___ Information shown ___

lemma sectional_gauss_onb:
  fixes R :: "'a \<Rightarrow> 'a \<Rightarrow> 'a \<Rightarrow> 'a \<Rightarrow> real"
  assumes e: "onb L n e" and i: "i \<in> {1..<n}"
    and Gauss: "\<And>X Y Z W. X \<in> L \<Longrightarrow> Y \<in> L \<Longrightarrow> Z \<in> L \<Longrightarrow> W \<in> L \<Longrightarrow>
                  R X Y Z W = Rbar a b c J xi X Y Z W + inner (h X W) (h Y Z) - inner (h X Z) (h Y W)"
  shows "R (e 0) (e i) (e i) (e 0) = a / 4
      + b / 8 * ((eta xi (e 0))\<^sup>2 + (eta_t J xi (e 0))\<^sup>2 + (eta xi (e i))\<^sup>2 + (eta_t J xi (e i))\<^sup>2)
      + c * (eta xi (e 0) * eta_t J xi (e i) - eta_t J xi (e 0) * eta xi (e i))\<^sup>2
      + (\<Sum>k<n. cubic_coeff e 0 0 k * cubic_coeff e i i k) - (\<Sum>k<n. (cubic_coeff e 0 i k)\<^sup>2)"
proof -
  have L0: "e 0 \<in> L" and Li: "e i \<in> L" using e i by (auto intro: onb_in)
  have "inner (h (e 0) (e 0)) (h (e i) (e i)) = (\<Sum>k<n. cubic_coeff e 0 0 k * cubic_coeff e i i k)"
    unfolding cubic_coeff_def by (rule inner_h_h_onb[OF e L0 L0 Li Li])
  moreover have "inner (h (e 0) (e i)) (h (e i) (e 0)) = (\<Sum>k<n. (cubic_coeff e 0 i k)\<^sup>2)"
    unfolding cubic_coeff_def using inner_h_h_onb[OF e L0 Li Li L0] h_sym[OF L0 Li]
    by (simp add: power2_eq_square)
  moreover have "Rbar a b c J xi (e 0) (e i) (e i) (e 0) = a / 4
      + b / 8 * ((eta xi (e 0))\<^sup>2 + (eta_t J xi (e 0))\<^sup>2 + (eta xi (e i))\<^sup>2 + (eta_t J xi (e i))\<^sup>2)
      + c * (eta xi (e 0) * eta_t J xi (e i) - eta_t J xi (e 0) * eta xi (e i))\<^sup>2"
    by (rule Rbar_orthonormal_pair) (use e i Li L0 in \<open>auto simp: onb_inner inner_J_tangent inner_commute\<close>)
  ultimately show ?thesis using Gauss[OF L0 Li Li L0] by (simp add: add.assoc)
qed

___

The complete set of entries above must be reproduced verbatim.

lemma sectional_gauss_onb:
  fixes R :: "'a \<Rightarrow> 'a \<Rightarrow> 'a \<Rightarrow> 'a \<Rightarrow> real"
  assumes e: "onb L n e" and i: "i \<in> {1..<n}"
    and Gauss: "\<And>X Y Z W. X \<in> L \<Longrightarrow> Y \<in> L \<Longrightarrow> Z \<in> L \<Longrightarrow> W \<in> L \<Longrightarrow>
                  R X Y Z W = Rbar a b c J xi X Y Z W + inner (h X W) (h Y Z) - inner (h X Z) (h Y W)"
  shows "R (e 0) (e i) (e i) (e 0) = a / 4
      + b / 8 * ((eta xi (e 0))\<^sup>2 + (eta_t J xi (e 0))\<^sup>2 + (eta xi (e i))\<^sup>2 + (eta_t J xi (e i))\<^sup>2)
      + c * (eta xi (e 0) * eta_t J xi (e i) - eta_t J xi (e 0) * eta xi (e i))\<^sup>2
      + (\<Sum>k<n. cubic_coeff e 0 0 k * cubic_coeff e i i k) - (\<Sum>k<n. (cubic_coeff e 0 i k)\<^sup>2)"
proof -
  have L0: "e 0 \<in> L" and Li: "e i \<in> L" using e i by (auto intro: onb_in)
  have "inner (h (e 0) (e 0)) (h (e i) (e i)) = (\<Sum>k<n. cubic_coeff e 0 0 k * cubic_coeff e i i k)"
    unfolding cubic_coeff_def by (rule inner_h_h_onb[OF e L0 L0 Li Li])
  moreover have "inner (h (e 0) (e i)) (h (e i) (e 0)) = (\<Sum>k<n. (cubic_coeff e 0 i k)\<^sup>2)"
    unfolding cubic_coeff_def using inner_h_h_onb[OF e L0 Li Li L0] h_sym[OF L0 Li]
    by (simp add: power2_eq_square)
  moreover have "Rbar a b c J xi (e 0) (e i) (e i) (e 0) = a / 4
      + b / 8 * ((eta xi (e 0))\<^sup>2 + (eta_t J xi (e 0))\<^sup>2 + (eta xi (e i))\<^sup>2 + (eta_t J xi (e i))\<^sup>2)
      + c * (eta xi (e 0) * eta_t J xi (e i) - eta_t J xi (e 0) * eta xi (e i))\<^sup>2"
    by (rule Rbar_orthonormal_pair) (use e i Li L0 in \<open>auto simp: onb_inner inner_J_tangent inner_commute\<close>)
  ultimately show ?thesis using Gauss[OF L0 Li Li L0] by (simp add: add.assoc)
qed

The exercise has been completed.